There is an online interactive dashboard from John Hopkins University and they have shared the data on Github.

So here is a script to pull this data into R and make a few graphs.

There also seems to be two R packages (one by Rami Krispin on CRAN) and one by GuangchuangYu on Github but I haven't explored them yet...

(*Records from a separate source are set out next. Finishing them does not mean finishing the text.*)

lemma X_1_pos: "0 < X 1 s"
proof (rule ccontr)
  assume "\<not> 0 < X 1 s"
  obtain T where T: "\<And>t. t \<le> T \<Longrightarrow> 1 / 2 < X 1 t"
    using X_1_gt_half_near_bot by blast
  have "\<exists>t. min T s \<le> t \<and> t \<le> s \<and> X 1 t = 0"
    using \<open>\<not> 0 < X 1 s\<close> T[of "min T s"] has_real_derivative_X[OF one_mem]
    by (intro IVT2) (auto intro: DERIV_isCont)
  then show False
    using X_1_nonzero by blast
qed

lemma Xdot_1_neg: "Xdot 1 s < 0"
  unfolding Xdot_1 using X_1_pos[of s] G_less_1[of s] by (simp add: mult_pos_neg)

lemma X_1_strict_antimono:
  assumes "s < t"
  shows "X 1 t < X 1 s"
proof (rule DERIV_neg_imp_decreasing[OF assms])
  fix x
  show "\<exists>y. (X 1 has_real_derivative y) (at x) \<and> y < 0"
    using has_real_derivative_X[OF one_mem] Xdot_1_neg by blast
qed

lemma X_1_less_1: "X 1 s < 1"
proof -
  have "X 1 s < X 1 (s - 1)"
    by (rule X_1_strict_antimono) simp
  also have "\<dots> \<le> 1"
    using abs_X_le_1[OF one_mem] by (rule abs_le_D1)
  finally show ?thesis .
qed

lemma X_1_tendsto_limit:
  obtains a where "(X 1 \<longlongrightarrow> a) at_top" and "0 \<le> a" and "a < 1"
proof -
  let ?a = "Inf (range (X 1))"
  have bdd: "bdd_below (range (X 1))"
    using X_1_pos by (intro bdd_belowI2[of _ 0]) (simp add: less_imp_le)
  have "antimono (X 1)"
    using X_1_strict_antimono by (intro antimonoI) (metis order_le_less)
  then have "(X 1 \<longlongrightarrow> ?a) at_top"
    using bdd by (rule antimono_tendsto_Inf_at_top)
  moreover have "0 \<le> ?a"
    using X_1_pos by (intro cINF_greatest) (auto simp: less_imp_le)
  moreover have "?a < 1"
    using cInf_lower[OF _ bdd, of "X 1 0"] X_1_less_1[of 0] by simp
  ultimately show ?thesis by (rule that)
qed

definition K :: "real \<Rightarrow> real" where
  "K s = G s - (X 1 s)\<^sup>2 - (1 - X 1 s)\<^sup>2 / m"

lemma K_eq_sum_squares:
  "K s = (\<Sum>i\<in>{2..r}. (X i s - sqrt (real (d i)) * ((1 - X 1 s) / m))\<^sup>2)"
proof -
  define c where "c = (1 - X 1 s) / m"
  have "(\<Sum>i\<in>{2..r}. (X i s - sqrt (real (d i)) * c)\<^sup>2)
      = (\<Sum>i\<in>{2..r}. (X i s)\<^sup>2) - 2 * c * (\<Sum>i\<in>{2..r}. sqrt (real (d i)) * X i s) + c\<^sup>2 * m"
    by (simp add: m_def power2_diff power_mult_distrib algebra_simps sum.distrib
        sum_subtractf sum_distrib_left)
  also have "\<dots> = (G s - (X 1 s)\<^sup>2) - 2 * c * (1 - X 1 s) + c\<^sup>2 * m"
    using sum_split_first[of "\<lambda>i. (X i s)\<^sup>2"] X_1_add_weighted_sum[of s]
    by (simp add: calG_def)
  also have "\<dots> = K s"
    using m_ge_2 by (simp add: K_def c_def field_simps power2_eq_square)
  finally show ?thesis by (simp add: c_def)
qed

lemma K_nonneg: "0 \<le> K s"
  unfolding K_eq_sum_squares by (simp add: sum_nonneg)
(* In the known-scale model of the context, suppose $k_n\sim n^a$ for some $0<a<1$, and let $0\le\delta<1-a$ be such that there exists, for each $n$, $\theta_{0n}=(\theta_{10n},\dots,\theta_{K(n)0n})$ with $\|f_{\theta_{0n}}-f_0\|_2=o(n^{-\delta})$ (A1). For $\kappa>0$ let $N_{\kappa/n^\delta}=\{\omega_n:\sigma_0^{-2}\int(f_{\theta_n}(\mathbf x)-f_0(\mathbf x))^2d\mathbf x<\kappa/n^\delta\}$. Then for every $\kappa>0$ and $\tilde\kappa>0$: 1. if $\sum_{i=1}^{K(n)}\theta_{i0n}^2=o(n^{1-\delta})$ (A2) and $p(\omega_n)=\prod_{i=1}^{K(n)}(2\pi\zeta^2)^{-1/2}e^{-\theta_{in}^2/(2\zeta^2)}$, then $\int_{N_{\kappa/n^\delta}}p(\omega_n)d\omega_n\ge e^{-\tilde\kappa n^{1-\delta}}$ for all sufficiently large $n$; 2. if $\sum_{i=1}^{K(n)}\theta_{i0n}^2=O(n^v)$ for some $v>1$ (A3) and $p(\omega_n)=\prod_{i=1}^{K(n)}(2\pi\zeta^2n^u)^{-1/2}e^{-\theta_{in}^2/(2\zeta^2n^u)}$ with $u>v$, then $\int_{N_{\kappa/n^\delta}}p(\omega_n)d\omega_n\ge e^{-\tilde\kappa n^{1-\delta}}$ for all sufficiently large $n$.
   Context: $\sigma_0>0$ is a fixed known noise standard deviation; $f_0$ is a square-integrable function on $[0,1]^p$, $p$ fixed; $\|\cdot\|_2$ is the $L_2([0,1]^p)$ norm. $\psi(u)=1/(1+e^{-u})$, $f_{\theta_n}(\mathbf x)=\beta_0+\sum_{j=1}^{k_n}\beta_j\psi(\gamma_{j0}+\sum_{h=1}^p\gamma_{jh}x_h)$, $\omega_n=\theta_n=(\theta_{1n},\dots,\theta_{K(n)n})$ the vector of all network parameters, $K(n)$ its length. $\zeta>0$ is fixed. *)

theory Defs
  imports "HOL-Probability.Probability" "HOL-Library.Landau_Symbols"
begin

definition psi :: "real \<Rightarrow> real" where
  "psi u = 1 / (1 + exp (- u))"

definition nparams :: "nat \<Rightarrow> nat \<Rightarrow> nat" where
  "nparams p k = 1 + k * (p + 2)"

text \<open>Parameter layout of theta : nat => real (indices 0 .. k(p+2)):
  beta_0 = theta 0, beta_j = theta j (1 <= j <= k),
  gamma_jh = theta (gidx p k j h) (1 <= j <= k, 0 <= h <= p).\<close>
definition gidx :: "nat \<Rightarrow> nat \<Rightarrow> nat \<Rightarrow> nat \<Rightarrow> nat" where
  "gidx p k j h = k + (j - 1) * (p + 1) + h + 1"

definition fnet :: "nat \<Rightarrow> nat \<Rightarrow> (nat \<Rightarrow> real) \<Rightarrow> (nat \<Rightarrow> real) \<Rightarrow> real" where
  "fnet p k \<theta> x = \<theta> 0 + (\<Sum>j\<in>{1..k}. \<theta> j *
      psi (\<theta> (gidx p k j 0) + (\<Sum>h\<in>{1..p}. \<theta> (gidx p k j h) * x h)))"

definition cube :: "nat \<Rightarrow> (nat \<Rightarrow> real) measure" where
  "cube p = PiM {1..p} (\<lambda>_. lebesgue_on {0..1})"

definition L2sq :: "nat \<Rightarrow> ((nat \<Rightarrow> real) \<Rightarrow> real) \<Rightarrow> ((nat \<Rightarrow> real) \<Rightarrow> real) \<Rightarrow> real" where
  "L2sq p f g = integral\<^sup>L (cube p) (\<lambda>x. (f x - g x)\<^sup>2)"

definition L2dist :: "nat \<Rightarrow> ((nat \<Rightarrow> real) \<Rightarrow> real) \<Rightarrow> ((nat \<Rightarrow> real) \<Rightarrow> real) \<Rightarrow> real" where
  "L2dist p f g = sqrt (L2sq p f g)"

definition parspace :: "nat \<Rightarrow> (nat \<Rightarrow> real) measure" where
  "parspace K = PiM {..<K} (\<lambda>_. lborel)"

text \<open>The neighbourhood N_{kappa/n^delta} (kappa here is the full radius eps = kappa/n^delta).\<close>
definition Nbhd :: "nat \<Rightarrow> nat \<Rightarrow> real \<Rightarrow> ((nat \<Rightarrow> real) \<Rightarrow> real) \<Rightarrow> real \<Rightarrow> (nat \<Rightarrow> real) set" where
  "Nbhd p k \<sigma>0 f0 \<epsilon> = {\<omega> \<in> space (parspace (nparams p k)).
       L2sq p (fnet p k \<omega>) f0 / \<sigma>0\<^sup>2 < \<epsilon>}"

definition gprior :: "real \<Rightarrow> nat \<Rightarrow> (nat \<Rightarrow> real) \<Rightarrow> real" where
  "gprior s2 K \<omega> = (\<Prod>i<K. (2 * pi * s2) powr (-1/2) * exp (- (\<omega> i)\<^sup>2 / (2 * s2)))"

definition prior_mass :: "real \<Rightarrow> nat \<Rightarrow> (nat \<Rightarrow> real) set \<Rightarrow> ennreal" where
  "prior_mass s2 K N = (\<integral>\<^sup>+ \<omega>. ennreal (gprior s2 K \<omega>) * indicator N \<omega> \<partial>parspace K)"

end

theory Submission
  imports Defs "HOL-Real_Asymp.Real_Asymp"
begin

text \<open>
  The neighbourhood contains a small cube of parameters around \<theta>0n, and we bound the prior
  mass of that cube. The logistic function is 1-Lipschitz and bounded by 1, so moving every
  parameter by at most \<eta> moves the network output uniformly on the cube [0,1]^p by at most
  \<eta> C with C = 1 + k (1 + (1 + |\<theta>0n|^2) (p + 1)). Hence the cube of half-width
  \<eta> = \<sigma>0 sqrt \<epsilon> / (2 C) lies in the neighbourhood of radius \<epsilon> as soon as the squared
  L2 error of \<theta>0n is below \<epsilon> \<sigma>0^2 / 4, which (A1) guarantees eventually for
  \<epsilon> = \<kappa> / n^\<delta>. On that cube the Gaussian density with variance s^2 is at least
  prod_i exp (- (\<theta>0n_i^2 + \<eta>^2) / s^2) / sqrt (2 pi s^2), so its prior mass is at least
  exp (- (|\<theta>0n|^2 + K \<eta>^2) / s^2 - K ln (sqrt (2 pi s^2) / (2 \<eta>))), where K = K(n) is
  the number of parameters. Since K = O(n^a), ln C = O(ln n) and a < 1 - \<delta>, every term
  except |\<theta>0n|^2 / s^2 is o(n^(1-\<delta>)). The remaining term is o(n^(1-\<delta>)) by (A2) when
  s^2 = \<zeta>^2, and it tends to zero by (A3) when s^2 = \<zeta>^2 n^u with u > v.
\<close>

lemma square_add_le: "((a::real) + b)\<^sup>2 \<le> 2 * a\<^sup>2 + 2 * b\<^sup>2"
  using zero_le_power2[of "a - b"] unfolding power2_diff power2_sum by linarith

lemma mult_le_mult_abs:
  fixes K Kb x y :: real
  assumes "0 \<le> K" "K \<le> Kb" "x \<le> y"
  shows "K * x \<le> Kb * \<bar>y\<bar>"
proof (cases "x \<le> 0")
  case True
  then have "K * x \<le> 0"
    using assms(1) by (simp add: mult_nonneg_nonpos)
  also have "0 \<le> Kb * \<bar>y\<bar>"
    using assms(1,2) by simp
  finally show ?thesis .
next
  case False
  then have "K * x \<le> Kb * y"
    using assms by (intro mult_mono) auto
  then show ?thesis
    using False assms(3) by simp
qed

lemma abs_psi_le_one: "\<bar>psi u\<bar> \<le> 1"
  unfolding psi_def by (simp add: add_pos_pos)

lemma abs_psi_diff_le: "\<bar>psi a - psi b\<bar> \<le> \<bar>a - b\<bar>"
proof -
  have deriv: "(psi has_field_derivative exp (- u) / (1 + exp (- u))\<^sup>2) (at u within UNIV)" for u
  proof -
    have "1 + exp (- u) \<noteq> 0"
      using exp_gt_zero[of "- u"] by linarith
    then show ?thesis
      unfolding psi_def by (auto intro!: derivative_eq_intros simp: power2_eq_square)
  qed
  have deriv_le: "norm (exp (- u) / (1 + exp (- u))\<^sup>2) \<le> 1" for u :: real
  proof -
    have "exp (- u) \<le> (1 + exp (- u))\<^sup>2"
      by (simp add: power2_eq_square algebra_simps)
    then show ?thesis
      by (simp add: divide_le_eq_1)
  qed
  show ?thesis
    using field_differentiable_bound[OF convex_UNIV deriv deriv_le, of a b] by simp
qed
(* In the half-line setting, assume $r_j=0$ for all $j\ge0$ and $C_R<\infty$ (positive recurrence). Let $\pi$ be as defined below. Then for every $j\ge0$, every unit vector $\Psi_0=\sum_{k\ge0:|k-j|=1}\alpha_k\delta_{(k,j)}$ and every $i\ge0$, $$\overline{\mu}^{(\Psi_0)}_\infty(i)\ \ge\ 2\,|\langle a_j,\Psi_0\rangle|^2\,\pi(i)\,\pi(j).$$
   Context: Half-line setting: $V=\mathbb{Z}_+$, parameters $p_j,q_j,r_j\ge0$ with $p_j+q_j+r_j=1$, $q_0=0$, $p_j>0$ ($j\ge0$), $q_j>0$ ($j\ge1$); here $r_j=0$, so there are no self loops. Arcs: $|j;R\rangle=\delta_{(j+1,j)}$ ($j\ge0$), $|j;L\rangle=\delta_{(j-1,j)}$ ($j\ge1$), arc $(u,v)$ going from $v$ to $u$. Shift $S$: $|j;R\rangle\leftrightarrow|j+1;L\rangle$. $a_j=\sqrt{q_j}|j;L\rangle+\sqrt{p_j}|j;R\rangle$. $\Pi_A$ is the orthogonal projection onto the closed span of $\{a_j\}$, $C=2\Pi_A-I$, $U=SC$. $P(X_t=i)=\sum_J|\langle i;J|U^t\Psi_0\rangle|^2$ over arcs out of $i$; $\overline{\mu}^{(\Psi_0)}_\infty(i)=\lim_{T\to\infty}\frac1T\sum_{t=0}^{T-1}P(X_t=i)$. $C_R=\sum_{j\ge1}\frac{p_0\cdots p_{j-1}}{q_1\cdots q_j}$ and $\pi(j)=\frac1{1+C_R}\{\delta_0(j)+(1-\delta_0(j))\frac{p_0\cdots p_{j-1}}{q_1\cdots q_j}\}$. *)

theory Defs
  imports "HOL-Analysis.Analysis"
begin

text \<open>The pair (j, True) encodes |j;R> = delta_(j+1,j)
  (arc out of j towards j+1), the pair (j, False) encodes |j;L> = delta_(j-1,j)
  (arc out of j towards j-1), which exists only for j >= 1.\<close>

type_synonym arc = "nat \<times> bool"
type_synonym qstate = "arc \<Rightarrow> complex"

definition arcs :: "arc set" where
  "arcs = {(j, b). b \<or> 1 \<le> j}"

definition is_ell2 :: "qstate \<Rightarrow> bool" where
  "is_ell2 f \<longleftrightarrow> (\<forall>x. x \<notin> arcs \<longrightarrow> f x = 0) \<and> (\<lambda>x. (cmod (f x))\<^sup>2) summable_on UNIV"

definition l2inner :: "qstate \<Rightarrow> qstate \<Rightarrow> complex" where
  "l2inner f g = infsum (\<lambda>x. cnj (f x) * g x) UNIV"

definition l2norm :: "qstate \<Rightarrow> real" where
  "l2norm f = sqrt (infsum (\<lambda>x. (cmod (f x))\<^sup>2) UNIV)"

definition avec :: "(nat \<Rightarrow> real) \<Rightarrow> (nat \<Rightarrow> real) \<Rightarrow> nat \<Rightarrow> qstate" where
  "avec p q j = (\<lambda>(k, b). if k = j \<and> (k, b) \<in> arcs
       then complex_of_real (if b then sqrt (p j) else sqrt (q j)) else 0)"

definition span_a :: "(nat \<Rightarrow> real) \<Rightarrow> (nat \<Rightarrow> real) \<Rightarrow> qstate set" where
  "span_a p q = {(\<lambda>x. \<Sum>j<N. c j * avec p q j x) | N c. True}"

definition cspan_a :: "(nat \<Rightarrow> real) \<Rightarrow> (nat \<Rightarrow> real) \<Rightarrow> qstate set" where
  "cspan_a p q = {\<phi>. is_ell2 \<phi> \<and> (\<exists>s. (\<forall>n. s n \<in> span_a p q) \<and>
       (\<lambda>n. l2norm (\<lambda>x. s n x - \<phi> x)) \<longlonglongrightarrow> 0)}"

definition PiA :: "(nat \<Rightarrow> real) \<Rightarrow> (nat \<Rightarrow> real) \<Rightarrow> qstate \<Rightarrow> qstate" where
  "PiA p q \<psi> = (THE \<phi>. \<phi> \<in> cspan_a p q \<and>
       (\<forall>\<theta>\<in>cspan_a p q. l2inner \<theta> (\<lambda>x. \<psi> x - \<phi> x) = 0))"

definition coin :: "(nat \<Rightarrow> real) \<Rightarrow> (nat \<Rightarrow> real) \<Rightarrow> qstate \<Rightarrow> qstate" where
  "coin p q \<psi> = (\<lambda>x. 2 * PiA p q \<psi> x - \<psi> x)"

definition shift :: "qstate \<Rightarrow> qstate" where
  "shift \<psi> = (\<lambda>(k, b). if b then \<psi> (Suc k, False)
                        else if 1 \<le> k then \<psi> (k - 1, True) else 0)"

definition evol :: "(nat \<Rightarrow> real) \<Rightarrow> (nat \<Rightarrow> real) \<Rightarrow> qstate \<Rightarrow> qstate" where
  "evol p q = shift \<circ> coin p q"

definition prob_at :: "(nat \<Rightarrow> real) \<Rightarrow> (nat \<Rightarrow> real) \<Rightarrow> qstate \<Rightarrow> nat \<Rightarrow> nat \<Rightarrow> real" where
  "prob_at p q \<Psi>0 t i =
     (let \<psi> = (evol p q ^^ t) \<Psi>0 in
       (\<Sum>x\<in>{x\<in>arcs. fst x = i}. (cmod (\<psi> x))\<^sup>2))"

definition cesaro_avg :: "(nat \<Rightarrow> real) \<Rightarrow> (nat \<Rightarrow> real) \<Rightarrow> qstate \<Rightarrow> nat \<Rightarrow> nat \<Rightarrow> real" where
  "cesaro_avg p q \<Psi>0 i T = (1 / real T) * (\<Sum>t<T. prob_at p q \<Psi>0 t i)"

definition wgt :: "(nat \<Rightarrow> real) \<Rightarrow> (nat \<Rightarrow> real) \<Rightarrow> nat \<Rightarrow> real" where
  "wgt p q j = (\<Prod>k<j. p k) / (\<Prod>k\<in>{1..j}. q k)"

definition CR :: "(nat \<Rightarrow> real) \<Rightarrow> (nat \<Rightarrow> real) \<Rightarrow> real" where
  "CR p q = (\<Sum>j. wgt p q (Suc j))"

definition pi_stat :: "(nat \<Rightarrow> real) \<Rightarrow> (nat \<Rightarrow> real) \<Rightarrow> nat \<Rightarrow> real" where
  "pi_stat p q j = (1 / (1 + CR p q)) * (if j = 0 then 1 else wgt p q j)"

end

theory Submission
  imports Defs
begin

text \<open>The walk operator \<open>U = S (2 \<Pi>\<^sub>A - I)\<close> is an orthogonal transformation of the square-summable
  states, viewed as a real Hilbert space. By the mean ergodic theorem the Cesaro means of \<open>(\<plusminus>U)\<^sup>t \<Psi>\<^sub>0\<close>
  converge to the projections of \<open>\<Psi>\<^sub>0\<close> onto the eigenspaces of \<open>U\<close> for \<open>\<plusminus>1\<close>. Detailed balance
  for \<open>\<pi>\<close> makes \<open>v\<^sub>\<plusminus>(k, J) = (\<plusminus>1)\<^sup>k \<surd>\<pi>(k) a\<^sub>k(J)\<close> such eigenvectors, and the eigenspaces are
  one-dimensional since an eigenvector is determined recursively by its value on \<open>|0;R\<rangle>\<close>.
  So the projections are \<open>\<langle>v\<^sub>\<plusminus>, \<Psi>\<^sub>0\<rangle> v\<^sub>\<plusminus>\<close> with \<open>|\<langle>v\<^sub>\<plusminus>, \<Psi>\<^sub>0\<rangle>|\<^sup>2 = \<pi>(j) |\<langle>a\<^sub>j, \<Psi>\<^sub>0\<rangle>|\<^sup>2\<close>.
  At a fixed arc \<open>x\<close>, let \<open>m\<^sub>T\<close> and \<open>n\<^sub>T\<close> be the Cesaro means of \<open>u\<^sub>t = (U\<^sup>t \<Psi>\<^sub>0)(x)\<close> and of
  \<open>(-1)\<^sup>t u\<^sub>t\<close>; expanding \<open>\<Sum>t<T. |u\<^sub>t - m\<^sub>T - (-1)\<^sup>t n\<^sub>T|\<^sup>2 \<ge> 0\<close> gives
  \<open>|m\<^sub>T|\<^sup>2 + |n\<^sub>T|\<^sup>2 \<le> (1/T) \<Sum>t<T. |u\<^sub>t|\<^sup>2 + 2/T\<close>, and summing the limits over the arcs out of \<open>i\<close>
  yields \<open>2 |\<langle>a\<^sub>j, \<Psi>\<^sub>0\<rangle>|\<^sup>2 \<pi>(i) \<pi>(j)\<close>. The time-averaged probabilities converge because they are
  diagonal entries of the Cesaro means of the isometry \<open>U \<otimes> U\<close> applied to \<open>\<Psi>\<^sub>0 \<otimes> \<Psi>\<^sub>0\<^sup>*\<close>.\<close>

section \<open>Square-summable functions\<close>

definition square_summable :: "('a \<Rightarrow> complex) \<Rightarrow> bool" where
  "square_summable f \<longleftrightarrow> (\<lambda>x. (cmod (f x))\<^sup>2) summable_on UNIV"

lemma square_summable_zero [simp]: "square_summable (\<lambda>_. 0)"
  by (simp add: square_summable_def)

lemma square_summable_add:
  assumes "square_summable f" "square_summable g"
  shows "square_summable (\<lambda>x. f x + g x)"
  unfolding square_summable_def
proof (rule summable_on_comparison_test)
  show "(\<lambda>x. 2 * (cmod (f x))\<^sup>2 + 2 * (cmod (g x))\<^sup>2) summable_on UNIV"
    using assms unfolding square_summable_def by (intro summable_on_add summable_on_cmult_right)
  fix x
  have "(cmod (f x + g x))\<^sup>2 \<le> (cmod (f x) + cmod (g x))\<^sup>2"
    by (simp add: power_mono norm_triangle_ineq)
  also have "\<dots> \<le> 2 * (cmod (f x))\<^sup>2 + 2 * (cmod (g x))\<^sup>2"
    using zero_le_power2[of "cmod (f x) - cmod (g x)"] unfolding power2_sum power2_diff by linarith
  finally show "(cmod (f x + g x))\<^sup>2 \<le> 2 * (cmod (f x))\<^sup>2 + 2 * (cmod (g x))\<^sup>2" .
qed simp

lemma square_summable_cmult:
  assumes "square_summable f"
  shows "square_summable (\<lambda>x. c * f x)"
  using summable_on_cmult_right[OF assms[unfolded square_summable_def], of "(cmod c)\<^sup>2"]
  by (simp add: square_summable_def norm_mult power_mult_distrib)

lemma square_summable_uminus: "square_summable f \<Longrightarrow> square_summable (\<lambda>x. - f x)"
  by (simp add: square_summable_def)

lemma square_summable_diff:
  "square_summable f \<Longrightarrow> square_summable g \<Longrightarrow> square_summable (\<lambda>x. f x - g x)"
  using square_summable_add[of f "\<lambda>x. - g x"] square_summable_uminus by auto

lemma abs_summable_cnj_mult:
  assumes "square_summable f" "square_summable g"
  shows "(\<lambda>x. norm (cnj (f x) * g x)) summable_on UNIV"
proof (rule summable_on_comparison_test)
  show "(\<lambda>x. (cmod (f x))\<^sup>2 + (cmod (g x))\<^sup>2) summable_on UNIV"
    using assms unfolding square_summable_def by (intro summable_on_add)
  fix x
  have "cmod (f x) * cmod (g x) \<le> (cmod (f x))\<^sup>2 + (cmod (g x))\<^sup>2"
    using zero_le_power2[of "cmod (f x) - cmod (g x)"] zero_le_power2[of "cmod (f x)"]
      zero_le_power2[of "cmod (g x)"] unfolding power2_diff by linarith
  then show "norm (cnj (f x) * g x) \<le> (cmod (f x))\<^sup>2 + (cmod (g x))\<^sup>2"
    by (simp add: norm_mult)
qed simp

lemma summable_on_Re_cnj_mult:
  assumes "square_summable f" "square_summable g"
  shows "(\<lambda>x. Re (cnj (f x) * g x)) summable_on UNIV"
proof -
  have "(\<lambda>x. norm (Re (cnj (f x) * g x))) summable_on UNIV"
    by (rule summable_on_comparison_test[OF abs_summable_cnj_mult[OF assms]])
       (simp_all only: real_norm_def abs_Re_le_cmod abs_ge_zero)
  then show ?thesis by (rule abs_summable_summable)
qed

text \<open>Square-summable functions form a real inner product space with \<open>\<langle>f, g\<rangle> = Re (\<Sum>x. f\<^sup>* x g x)\<close>;
  this suffices for the mean ergodic theorem, and complex coefficients are recovered by pairing
  with \<open>f\<close> and \<open>\<i> f\<close>.\<close>

typedef 'a l2 = "{f :: 'a \<Rightarrow> complex. square_summable f}"
  by (rule exI[of _ "\<lambda>_. 0"]) simp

I explored the data to compare the number of COVID 19 cases in the UK with France and Italy. Here is the graph:



Note the y-axis is a log scale not a linear one.


START
# exploring corona virus data...
library(tidyverse)
library(lubridate)
library(ggthemes)
# import the data
url <- "https://raw.githubusercontent.com/CSSEGISandData/COVID-19/master/csse_covid_19_data/csse_covid_19_time_series/time_series_19-covid-Confirmed.csv"

data <- read_csv(url)

# all the cases in the world
# plot cases in the world
data %>%
    select(-`Province/State`, - Lat, -Long) %>%
    pivot_longer(-`Country/Region`, names_to = "date", values_to = "cases")%>%
    group_by(mdy(date)) %>%
    summarise(total_cases = sum(cases)) %>%
    ggplot(aes(x=`mdy(date)`, y=total_cases)) +
    geom_point() +
    scale_y_continuous(trans='log10') +
    labs(x = "Date",
    y = "Number of COVID-19 cases", 
    title = "COVID-19 Cases worldwide",
    subtitle = "source: https://github.com/CSSEGISandData/COVID-19") + 
    theme_economist_white() -> p1

p1




# plot cases in China
data %>%
    select(-`Province/State`, - Lat, -Long) %>%
    filter(`Country/Region` == "China")%>% 
    pivot_longer(-`Country/Region`, names_to = "date", values_to = "cases")%>%
    group_by(mdy(date)) %>%
    summarise(total_cases = sum(cases)) -> data2

p2 <- p1 %+% data2
p2 + ggtitle("COVID-19 cases in China")





# plot cases in Hubei - capital is Wuhan
data %>%
    select(-`Country/Region`, - Lat, -Long) %>%
    filter(`Province/State` == "Hubei") %>% 
    pivot_longer(-`Province/State`, names_to = "date", values_to = "cases")%>%
    group_by(mdy(date)) %>%
    summarise(total_cases = sum(cases)) -> data3

p2 <- p1 %+% data3
p2 + ggtitle("COVID-19 cases Hubei Province")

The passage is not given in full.